Field	How to act on it
`metrics.duplication_percent`	The repo-wide headline number the CI gate compares against.
`metrics.threshold.breached`	`true` → the run exited `3` and the gate failed. `source` is `cli`, `config`, or `none`.
`clusters`	Sorted by `weight` descending — `clusters[0]` is always the worst offender. Work top-down.

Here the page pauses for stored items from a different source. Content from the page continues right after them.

lemma has_derivative_phi:
  assumes \<beta>: "norm \<beta> = 1"
  shows "(phi lam a d has_derivative (\<lambda>h. gphi \<beta> \<bullet> h)) (at \<beta>)"
proof -
  have "\<beta> \<noteq> 0" using \<beta> by auto
  have norm_deriv: "(norm has_derivative (\<lambda>h. \<beta> \<bullet> h)) (at \<beta>)"
    using has_derivative_norm [OF \<open>\<beta> \<noteq> 0\<close>] \<beta> by (simp add: sgn_div_norm inner_commute)
  have "((\<lambda>y. \<gamma> * norm y + d \<bullet> y) \<longlongrightarrow> \<gamma> + d \<bullet> \<beta>) (at \<beta>)"
    using \<beta> by (auto intro!: tendsto_eq_intros)
  note switch = order_tendstoD [OF this]
  have nonzero: "\<forall>\<^sub>F y in at \<beta>. y \<noteq> 0" by (rule eventually_neq_at_within)
  consider "\<gamma> + d \<bullet> \<beta> < 0" | "\<gamma> + d \<bullet> \<beta> > 0" | "\<gamma> + d \<bullet> \<beta> = 0" by linarith
  then show ?thesis
  proof cases
    case 1
    then have "gphi \<beta> = \<beta>" by (simp add: gphi_def \<kappa>_def \<mu>_def)
    moreover have "\<forall>\<^sub>F y in at \<beta>. norm y = phi lam a d y"
      using switch(2) [OF 1] nonzero by eventually_elim (simp add: phi_eq)
    moreover have "norm \<beta> = phi lam a d \<beta>" using 1 \<beta> \<open>\<beta> \<noteq> 0\<close> by (simp add: phi_eq)
    ultimately show ?thesis using has_derivative_transform_eventually [OF norm_deriv] by simp
  next
    case 2
    then have "gphi \<beta> = (\<omega> / dcos \<beta>) *\<^sub>R \<beta> - (\<gamma> + \<omega> / dcos \<beta> * (d \<bullet> \<beta>)) *\<^sub>R d"
      by (simp add: gphi_def \<kappa>_def \<mu>_def)
    moreover have "\<forall>\<^sub>F y in at \<beta>. phi_smooth y = phi lam a d y"
      using switch(1) [OF 2] nonzero by eventually_elim (simp add: phi_eq)
    moreover have "phi_smooth \<beta> = phi lam a d \<beta>" using 2 \<beta> \<open>\<beta> \<noteq> 0\<close> by (simp add: phi_eq)
    ultimately show ?thesis
      using has_derivative_transform_eventually [OF has_derivative_phi_smooth [OF \<beta>]] by simp
  next
    case 3
    text \<open>On the switching surface both branches have the same value and gradient,
      and \<open>phi\<close> is squeezed between them.\<close>
    then have "dcos \<beta> = \<omega>" by (simp add: dcos_def \<omega>_def eq_neg_iff_add_eq_0 [symmetric])
    then have smooth_deriv: "(phi_smooth has_derivative (\<lambda>h. \<beta> \<bullet> h)) (at \<beta>)"
      using has_derivative_phi_smooth [OF \<beta>] 3 omega_pos by simp
    have "gphi \<beta> = \<beta>" using 3 by (simp add: gphi_def \<kappa>_def \<mu>_def)
    moreover have "\<forall>\<^sub>F y in at \<beta>. phi_smooth y \<le> phi lam a d y \<and> phi lam a d y \<le> norm y"
      using nonzero by eventually_elim (simp add: phi_eq phi_smooth_le_norm)
    moreover have "phi lam a d \<beta> = norm \<beta>" using 3 \<beta> \<open>\<beta> \<noteq> 0\<close> by (simp add: phi_eq)
    moreover have "phi_smooth \<beta> = norm \<beta>"
    proof -
      have "\<beta> \<bullet> \<beta> = 1" using \<beta> by (simp add: norm_eq_1)
      then have "phi_smooth \<beta> = - \<gamma> * (d \<bullet> \<beta>) + \<omega> * dcos \<beta>" by (simp add: phi_smooth_def dcos_def)
      also have "\<dots> = \<gamma>\<^sup>2 + \<omega>\<^sup>2"
        using 3 \<open>dcos \<beta> = \<omega>\<close> by (simp add: power2_eq_square eq_neg_iff_add_eq_0 [symmetric])
      finally show ?thesis using omega_square \<beta> by simp
    qed
    ultimately show ?thesis using has_derivative_squeeze [OF smooth_deriv norm_deriv] by simp
  qed
qed

lemma rfun_eq_mu:
  assumes \<beta>: "norm \<beta> = 1"
  shows "rfun lam a d \<beta> = \<mu> \<beta>"
proof (cases "\<gamma> + d \<bullet> \<beta> \<le> 0")
  case True
  then show ?thesis by (simp add: rfun_def \<mu>_def)
next
  case False
  have "\<beta> \<bullet> \<beta> = 1" using \<beta> by (simp add: norm_eq_1)
  then have phi_\<beta>: "phi lam a d \<beta> = - \<gamma> * (d \<bullet> \<beta>) + \<omega> * dcos \<beta>"
    using False \<beta> phi_eq [of \<beta>] by (fastforce simp: phi_smooth_def dcos_def)
  then have den: "phi lam a d \<beta> + d \<bullet> \<beta> * \<gamma> = \<omega> * dcos \<beta>" by simp
  have "d \<bullet> \<beta> + \<gamma> * phi lam a d \<beta> = (d \<bullet> \<beta>) * \<omega>\<^sup>2 + \<gamma> * \<omega> * dcos \<beta>"
    unfolding phi_\<beta> omega_square by (simp add: algebra_simps power2_eq_square)
  also have "\<dots> = (\<gamma> + \<omega> / dcos \<beta> * (d \<bullet> \<beta>)) * (\<omega> * dcos \<beta>)"
    using dcos_pos [OF \<beta>] by (simp add: field_simps power2_eq_square)
  finally have "d \<bullet> \<beta> + \<gamma> * phi lam a d \<beta> = (\<gamma> + \<omega> / dcos \<beta> * (d \<bullet> \<beta>)) * (\<omega> * dcos \<beta>)" .
  moreover have "\<omega> * dcos \<beta> \<noteq> 0" using dcos_pos [OF \<beta>] omega_pos by simp
  ultimately show ?thesis using False den by (simp add: rfun_def \<mu>_def \<kappa>_def)
qed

`bucket`	`identical` / `nearly_identical` → extract a shared definition. `structural_only` → only the code shape matches (no token or semantic evidence) — verify it is a real duplicate before extracting; demoted in ranking by default. `loosely_similar` → parametrise the difference. `same_behavior` → reconcile two implementations of one behaviour (needs `--embeddings`).
`signals.fused`	Unit-bounded confidence. `≥ 0.85` is the act-now line, the same threshold as the `find-similar` law above.
`occurrences[].hidden`	`true` marks a `report_hide` match — a hand-written clone of generated code.

Do not silence findings by widening the threshold, marking code hidden, or splitting it into trivially different shapes. If Deslop flags it, treat it as a real signal until you have shown otherwise.